→ **Assignment**:
Please copy each line of the records below that includes the word "finally".

→ **Records from a collection**:
────────

section \<open>Joining another atomic player's pool does not pay\<close>

lemma pivot_quartic_bound:
  fixes y z :: real
  assumes y: "0 \<le> y" "y \<le> 1" and z: "0 \<le> z" "z\<^sup>2 \<le> 3/4" and yz: "z\<^sup>2 * (y\<^sup>2 + z\<^sup>2) \<le> 3/4"
  shows "2 * y * z \<le> 1 + 2 * y\<^sup>2 - y^4 - z^4"
proof -
  have "z \<le> 867/1000"
  proof (rule ccontr)
    assume "\<not> z \<le> 867/1000"
    then have "(867/1000)\<^sup>2 < z\<^sup>2" by (intro power_strict_mono) auto
    then show False using z by (simp add: power2_eq_square)
  qed
  then have yz_le: "y * z \<le> 867/1000 * y"
    using mult_left_mono[of z "867/1000" y] y by (simp add: mult.commute)
  show ?thesis
  proof (cases "y \<le> 1/2")
    case True
    have "(z\<^sup>2)\<^sup>2 \<le> (3/4)\<^sup>2" using z by (intro power_mono) auto
    then have "z^4 \<le> 9/16" by (simp add: power4_eq_xxxx power2_eq_square)
    moreover have "y^4 \<le> y\<^sup>2 / 4"
      using True y mult_left_mono[of "y\<^sup>2" "1/4" "y\<^sup>2"] power_mono[of y "1/2" 2]
      by (simp add: power4_eq_xxxx power2_eq_square)
    moreover have "1734/1000 * y \<le> 7/16 + 7/4 * y\<^sup>2"
    proof -
      have "0 \<le> 7/4 * (y - 4954/10000)\<^sup>2" by simp
      then show ?thesis using True y by (simp add: power2_eq_square algebra_simps)
    qed
    ultimately show ?thesis using yz_le by linarith
  next
    case False
    define d where "d = y - 1/2"
    have d: "0 \<le> d" "d \<le> 1/2" using False y by (auto simp: d_def)
    have "2 * d^3 \<le> d\<^sup>2" using d mult_right_mono[of d "1/2" "d\<^sup>2"]
      by (simp add: power2_eq_square power3_eq_cube)
    moreover have "d^4 \<le> d\<^sup>2 / 4" using d mult_mono[of d "1/2" d "1/2"]
        mult_right_mono[of "d * d" "1/4" "d\<^sup>2"]
      by (simp add: power2_eq_square power4_eq_xxxx)
    moreover have "2 * y\<^sup>2 - y^4 - 3/4 + (1 - 867/1000 * y)\<^sup>2 =
        842225/100000000 + 517689/1000000 * d + 1251689/1000000 * d\<^sup>2 - 2 * d^3 - d^4"
      by (simp add: d_def power2_eq_square power3_eq_cube power4_eq_xxxx field_simps)
    ultimately have "0 \<le> 2 * y\<^sup>2 - y^4 - 3/4 + (1 - 867/1000 * y)\<^sup>2"
      using d zero_le_power2[of d] by linarith
    moreover have "(1 - 867/1000 * y)\<^sup>2 \<le> (1 - y * z)\<^sup>2"
      using yz_le y by (intro power_mono) auto
    moreover have "z^4 = z\<^sup>2 * (y\<^sup>2 + z\<^sup>2) - (y * z)\<^sup>2"
      by (simp add: power2_eq_square power4_eq_xxxx algebra_simps)
    ultimately show ?thesis using yz by (simp add: power2_eq_square algebra_simps)
  qed
qed

lemma sqrt_mul_le_pivot_bound:
  fixes x r :: real
  assumes x: "0 \<le> x" "x \<le> 1" and r: "0 \<le> r" "r \<le> 3/4" and xr: "r * (x + r) \<le> 3/4"
  shows "sqrt (x * r) \<le> 1 - ((1 - x)\<^sup>2 + r\<^sup>2) / 2"
proof -
  define y z where "y = sqrt x" and "z = sqrt r"
  have y2: "y\<^sup>2 = x" and z2: "z\<^sup>2 = r" using x r by (simp_all add: y_def z_def)
  have "y^4 = x\<^sup>2" "z^4 = r\<^sup>2"
    unfolding y2[symmetric] z2[symmetric] by (simp_all add: power4_eq_xxxx power2_eq_square)
  then have "2 * (y * z) \<le> 1 + 2 * x - x\<^sup>2 - r\<^sup>2"
    using pivot_quartic_bound[of y z] x r xr by (simp add: y_def z_def y2 z2)
  then have "sqrt (x * r) \<le> (1 + 2 * x - x\<^sup>2 - r\<^sup>2) / 2"
    by (simp add: y_def z_def real_sqrt_mult)
  also have "\<dots> = 1 - ((1 - x)\<^sup>2 + r\<^sup>2) / 2"
    by (simp add: power2_eq_square field_simps)
  finally show ?thesis .
qed

lemma overlap_payment_le_small_mass:
  assumes m: "4/3 \<le> m" "m \<le> 27/20" and a: "a < 1"
    and k: "0 < k" "k \<le> 1" "k\<^sup>2 = m * (1 - b)" and overlap: "1 - a < k" "1 - b \<le> a"
  shows "((k - (1 - a))\<^sup>2 + (1 - b)\<^sup>2) / (2 * k\<^sup>2) \<le> 1 - balanced_mass m a / m"
proof -
  have m0: "0 < m" using m by simp
  have b: "1 - b = k\<^sup>2 / m" using k m0 by (simp add: field_simps)
  have "m * (1 - a) \<le> 1"
  proof (cases "k \<le> 7/10")
    case True
    have "m * (1 - a) \<le> m * k" using overlap m0 by simp
    also have "\<dots> \<le> 27/20 * (7/10)" using True m k by (intro mult_mono) auto
    finally show ?thesis by simp
  next
    case False
    have "(7/10)\<^sup>2 \<le> k\<^sup>2" using False by (intro power_mono) auto
    moreover have "m * (1 - a) \<le> m * (1 - k\<^sup>2 / m)" using overlap b m0 by (intro mult_left_mono) auto
    ultimately show ?thesis using m m0 by (simp add: field_simps power2_eq_square)
  qed
  then have "balanced_mass m a / m = sqrt ((1 - a) / k * (k / m))"
    using balanced_mass_div_eq_sqrt[OF m0] k by simp
  also have "\<dots> \<le> 1 - ((1 - (1 - a) / k)\<^sup>2 + (k / m)\<^sup>2) / 2"
  proof (rule sqrt_mul_le_pivot_bound)
    have "k / m * ((1 - a) / k + k / m) = ((1 - a) + (1 - b)) / m"
      using k m0 by (simp add: b field_simps power2_eq_square)
    also have "\<dots> \<le> 3/4" using overlap m m0 by (simp add: field_simps)
    finally show "k / m * ((1 - a) / k + k / m) \<le> 3/4" .
  qed (use a k m overlap in \<open>auto simp: field_simps\<close>)
  also have "((1 - (1 - a) / k)\<^sup>2 + (k / m)\<^sup>2) / 2 = ((k - (1 - a))\<^sup>2 + (1 - b)\<^sup>2) / (2 * k\<^sup>2)"
    using k m0 by (simp add: b field_simps power2_eq_square)
  finally show ?thesis by simp
qed

lemma own_payment_ge_large_stake:
  assumes m: "4/3 \<le> m" "m \<le> 27/20" and a: "1 / m \<le> a" "a < 1"
  shows "a / m + (a - 1 / m)\<^sup>2 / 2 \<le> 1 - balanced_mass m a / m"
proof -
  define d where "d = a - 1 / m"
  have m0: "0 < m" using m by simp
  have mm: "m * m \<le> 2" using m mult_mono[of m "27/20" m "27/20"] by simp
  have "m * (1 - a) \<le> m * (1 - 1 / m)" using a m0 by (intro mult_left_mono) auto
  then have ma: "m * (1 - a) \<le> m - 1" using m0 by (simp add: field_simps)
  have d: "0 \<le> d" "d \<le> a - m / 2" using a mm m0 by (auto simp: d_def field_simps)
  have "m * (m - a) \<le> m * (m - 1 / m)" using a m0 by (intro mult_left_mono) auto
  then have "m * (m - a) * d\<^sup>2 \<le> d\<^sup>2"
    using mm m0 a m by (intro mult_left_le_one_le) (auto simp: field_simps)
  also have "\<dots> \<le> (a - m / 2)\<^sup>2" using d by (intro power_mono) auto
  also have "\<dots> \<le> (m - a)\<^sup>2 - m * (1 - a)"
  proof -
    have "0 \<le> (3 * m / 4 - 1) * m" using m by simp
    then show ?thesis by (simp add: power2_eq_square algebra_simps)
  qed
  finally have key: "m * (1 - a) \<le> (m - a)\<^sup>2 - m * (m - a) * d\<^sup>2" by simp
  have "(m - a) * (m - a - m * d\<^sup>2) = (m - a)\<^sup>2 - m * (m - a) * d\<^sup>2"
    by (simp add: power2_eq_square algebra_simps)
  moreover have "0 < m * (1 - a)" using a m0 by simp
  ultimately have "0 < (m - a) * (m - a - m * d\<^sup>2)" using key by linarith
  then have nonneg: "0 \<le> (m - a) - m * d\<^sup>2 / 2"
    using a m by (simp add: zero_less_mult_iff)
  have "((m - a) - m * d\<^sup>2 / 2)\<^sup>2 = (m - a)\<^sup>2 - m * (m - a) * d\<^sup>2 + (m * d\<^sup>2 / 2)\<^sup>2"
    by (simp add: power2_eq_square algebra_simps)
  then have "m * (1 - a) \<le> ((m - a) - m * d\<^sup>2 / 2)\<^sup>2"
    using key zero_le_power2[of "m * d\<^sup>2 / 2"] by linarith
  then have "balanced_mass m a \<le> (m - a) - m * d\<^sup>2 / 2"
    using nonneg ma m by (simp add: balanced_mass_eq_sqrt real_le_lsqrt)
  then have "balanced_mass m a / m \<le> ((m - a) - m * d\<^sup>2 / 2) / m"
    using m0 by (simp add: divide_right_mono)
  also have "\<dots> = 1 - a / m - d\<^sup>2 / 2" using m0 by (simp add: field_simps)
  finally show ?thesis unfolding d_def by linarith
qed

────────

→ **Response area**:
  finally show ?thesis .
    finally show ?thesis by simp
    finally show "k / m * ((1 - a) / k + k / m) \<le> 3/4" .
  finally show ?thesis by simp
  finally have key: "m * (1 - a) \<le> (m - a)\<^sup>2 - m * (m - a) * d\<^sup>2" by simp
  finally show ?thesis unfolding d_def by linarith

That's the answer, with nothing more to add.